Low-Carb Vs. Low-Fat—Which Diet Leads to Long-Term Weight Loss?

People on a low-carbohydrate diet experience greater improvements in blood sugar control and in some heart disease risk factors than people on a low-fat diet; however, although low-carb dieters may lose weight more quickly that low-fat dieters, long-term weight loss is not substantially different, according to two studies published in the Annals of Internal Medicine (2004;140:769–77, 778–85).

As the rate of obesity in the United States climbs to unprecedented levels, increasing numbers of people are searching for the ideal weight-loss diet. People in the United States spend $33 billion each year on weight-loss products and services, yet fewer than 25% of people trying to lose weight actually follow recommendations for reducing calorie intake and increasing exercise. For many years, most nutrition authorities have recommended a low-fat diet for weight loss and prevention of diseases linked to obesity, such as type 2 (adult onset) diabetes and heart disease.

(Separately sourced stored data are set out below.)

(* Let $\mathcal H$ be a real Hilbert space, $t_0>0$, and let $f:\mathcal H\to\mathbb R$ be a $\mathcal C^2$ function which is $\mu$-strongly convex for some $\mu>0$, with unique minimizer $x^\star$. Let $e:[t_0,+\infty[\to\mathcal H$ be continuously differentiable and let $x:[t_0,+\infty[\to\mathcal H$ be a solution trajectory of $$\ddot x(t)+2\sqrt\mu\,\dot x(t)+\beta\nabla^2f(x(t))\dot x(t)+\beta\dot e(t)+\nabla f(x(t))+e(t)=0.$$ Define $\mathcal E(t)=f(x(t))-\min_{\mathcal H}f+\frac12\|\sqrt\mu(x(t)-x^\star)+\dot x(t)+\beta\nabla f(x(t))\|^2$. Suppose (a) $0\le\beta\le\frac{1}{2\sqrt\mu}$ and (b) $\int_{t_0}^{+\infty}\|e(t)\|dt<+\infty$ and $\int_{t_0}^{+\infty}\|\dot e(t)\|dt<+\infty$. Then: (i) for all $t\ge t_0$, $$\mathcal E(t)\le\mathcal E(t_0)e^{-\frac{\sqrt\mu}{2}(t-t_0)}+Me^{-\frac{\sqrt\mu}{2}t}\int_{t_0}^te^{\frac{\sqrt\mu}{2}\tau}\|e(\tau)+\beta\dot e(\tau)\|d\tau,$$ where $M:=\sqrt{2\mathcal E(t_0)}+\int_{t_0}^{+\infty}\|e(\tau)+\beta\dot e(\tau)\|d\tau$; consequently $\lim_{t\to+\infty}\mathcal E(t)=0$, $\lim_{t\to+\infty}f(x(t))=\min_{\mathcal H}f$, and $\lim_{t\to+\infty}\|x(t)-x^\star\|=\lim_{t\to+\infty}\|\nabla f(x(t))\|=\lim_{t\to+\infty}\|\dot x(t)\|=0$; (ii) if moreover $\|e(t)+\beta\dot e(t)\|=\mathcal O(1/t^p)$ as $t\to+\infty$ for some $p>0$, then $\mathcal E(t)=\mathcal O(1/t^p)$, and consequently $f(x(t))-\min_{\mathcal H}f=\mathcal O(1/t^p)$, $\|x(t)-x^\star\|^2=\mathcal O(1/t^p)$, $\|\dot x(t)\|^2=\mathcal O(1/t^p)$; in addition, when $\beta>0$, $e^{-\sqrt\mu t}\int_{t_0}^te^{\sqrt\mu s}\|\nabla f(x(s))\|^2ds=\mathcal O(1/t^p)$.
   Context: $f$ is $\mu$-strongly convex if $f-\frac\mu2\|\cdot\|^2$ is convex. *)

theory Defs
  imports "HOL-Analysis.Analysis" "HOL-Library.Landau_Symbols"
begin

definition strongly_convex_on :: "'a::real_normed_vector set \<Rightarrow> real \<Rightarrow> ('a \<Rightarrow> real) \<Rightarrow> bool" where
  "strongly_convex_on S \<mu> f \<longleftrightarrow> convex_on S (\<lambda>x. f x - \<mu> / 2 * (norm x)\<^sup>2)"

definition energy ::
  "('a::real_inner \<Rightarrow> real) \<Rightarrow> ('a \<Rightarrow> 'a) \<Rightarrow> 'a \<Rightarrow> real \<Rightarrow> real
    \<Rightarrow> (real \<Rightarrow> 'a) \<Rightarrow> (real \<Rightarrow> 'a) \<Rightarrow> real \<Rightarrow> real" where
  "energy f gradf xstar \<mu> \<beta> x x' t =
     f (x t) - f xstar
     + 1/2 * (norm (sqrt \<mu> *\<^sub>R (x t - xstar) + x' t + \<beta> *\<^sub>R gradf (x t)))\<^sup>2"

end

(*
  Write v = sqrt mu (x - xstar) + x' + beta grad f(x) and g = e + beta e', so that E = f(x) - min f + |v|^2/2.
  The ODE says exactly v' = -(sqrt mu x' + grad f(x) + g), and strong convexity together with
  beta sqrt mu <= 1/2 turns the derivative of E into the dissipation inequality
    E' + sqrt mu / 2 E + beta / 4 |grad f(x)|^2 <= -<v, g> <= sqrt (2 E) |g|.
  Integrating it once, sqrt (2 E) never exceeds M; with the integrating factor exp (sqrt mu t / 2)
  it then gives the estimate (i): E is bounded by a decaying exponential plus M times the convolution
  of |g| with exp (- sqrt mu t / 2), which tends to 0 when |g| is integrable and is O(t^-p) when |g| is.
  The remaining quantities are bounded by multiples of E, using for x' that grad f is Lipschitz near xstar.
*)

theory Submission
  imports Defs "HOL-Real_Asymp.Real_Asymp"
begin

lemma convex_on_UNIV_imp_above_tangent:
  fixes h :: "'a::real_normed_vector \<Rightarrow> real"
  assumes convex: "convex_on UNIV h" and deriv: "(h has_derivative D) (at y)"
  shows "D (z - y) \<le> h z - h y"
proof -
  define d where "d = z - y"
  define \<phi> where "\<phi> = (\<lambda>t::real. h (y + t *\<^sub>R d))"
  have "convex_on UNIV \<phi>"
  proof (rule convex_onI)
    fix t a b :: real assume t: "0 < t" "t < 1"
    have "y + ((1 - t) * a + t * b) *\<^sub>R d = (1 - t) *\<^sub>R (y + a *\<^sub>R d) + t *\<^sub>R (y + b *\<^sub>R d)"
      by (simp add: algebra_simps)
    then have "\<phi> ((1 - t) *\<^sub>R a + t *\<^sub>R b) = h ((1 - t) *\<^sub>R (y + a *\<^sub>R d) + t *\<^sub>R (y + b *\<^sub>R d))"
      by (simp add: \<phi>_def)
    also have "\<dots> \<le> (1 - t) * \<phi> a + t * \<phi> b"
      unfolding \<phi>_def using t by (intro convex_onD[OF convex]) auto
    finally show "\<phi> ((1 - t) *\<^sub>R a + t *\<^sub>R b) \<le> (1 - t) * \<phi> a + t * \<phi> b" .
  qed simp
  moreover have "(\<phi> has_field_derivative D d) (at 0)"
  proof -
    have "((\<lambda>t::real. y + t *\<^sub>R d) has_derivative (\<lambda>t. t *\<^sub>R d)) (at 0)"
      by (auto intro!: derivative_eq_intros)
    from has_derivative_compose[OF this, of h] deriv
    have "(\<phi> has_derivative (\<lambda>t. D (t *\<^sub>R d))) (at 0)"
      unfolding \<phi>_def by (simp add: o_def)
    moreover have "D (t *\<^sub>R d) = t * D d" for t
      using has_derivative_linear[OF deriv] by (simp add: linear_scale)
    ultimately show ?thesis
      by (simp add: has_field_derivative_def mult_commute_abs)
  qed
  ultimately have "D d * (1 - 0) \<le> \<phi> 1 - \<phi> 0"
    by (intro convex_on_imp_above_tangent) auto
  then show ?thesis
    unfolding \<phi>_def d_def by simp
qed

lemma strongly_convex_on_UNIV_imp_above_tangent:
  fixes f :: "'a::real_inner \<Rightarrow> real"
  assumes "strongly_convex_on UNIV \<mu> f" and "(f has_derivative (\<lambda>h. G \<bullet> h)) (at y)"
  shows "G \<bullet> (z - y) + \<mu> / 2 * (norm (z - y))\<^sup>2 \<le> f z - f y"
proof -
  have "((\<lambda>w. f w - \<mu> / 2 * (w \<bullet> w)) has_derivative (\<lambda>h. G \<bullet> h - \<mu> * (y \<bullet> h))) (at y)"
    by (auto intro!: derivative_eq_intros assms(2) simp: inner_commute)
  from convex_on_UNIV_imp_above_tangent[OF _ this, of z] assms(1)
  have "G \<bullet> (z - y) - \<mu> * (y \<bullet> (z - y)) \<le> f z - \<mu> / 2 * (z \<bullet> z) - (f y - \<mu> / 2 * (y \<bullet> y))"
    by (simp add: strongly_convex_on_def power2_norm_eq_inner)
  moreover have "\<mu> * (y \<bullet> (z - y)) = \<mu> * (y \<bullet> z) - \<mu> * (y \<bullet> y)"
    by (simp add: inner_diff_right right_diff_distrib)
  moreover have "\<mu> / 2 * (norm (z - y))\<^sup>2 = \<mu> / 2 * (z \<bullet> z) - \<mu> * (y \<bullet> z) + \<mu> / 2 * (y \<bullet> y)"
    by (simp add: power2_norm_eq_inner inner_diff_left inner_diff_right inner_commute ring_distribs)
  ultimately show ?thesis
    by linarith
qed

Though there has been little information on the short- and long-term effects of low-carbohydrate diets on weight loss and overall health, the popularity of low-carbohydrate diets exploded in recent years. For example, in the last decade there has been a resurgence of interest in the Atkins Diet, a low-carbohydrate diet developed in the 1970s. Other low-carbohydrate diets that are loosely modeled on the Atkins Diet, such as the South Beach Diet, have also gained recent popularity.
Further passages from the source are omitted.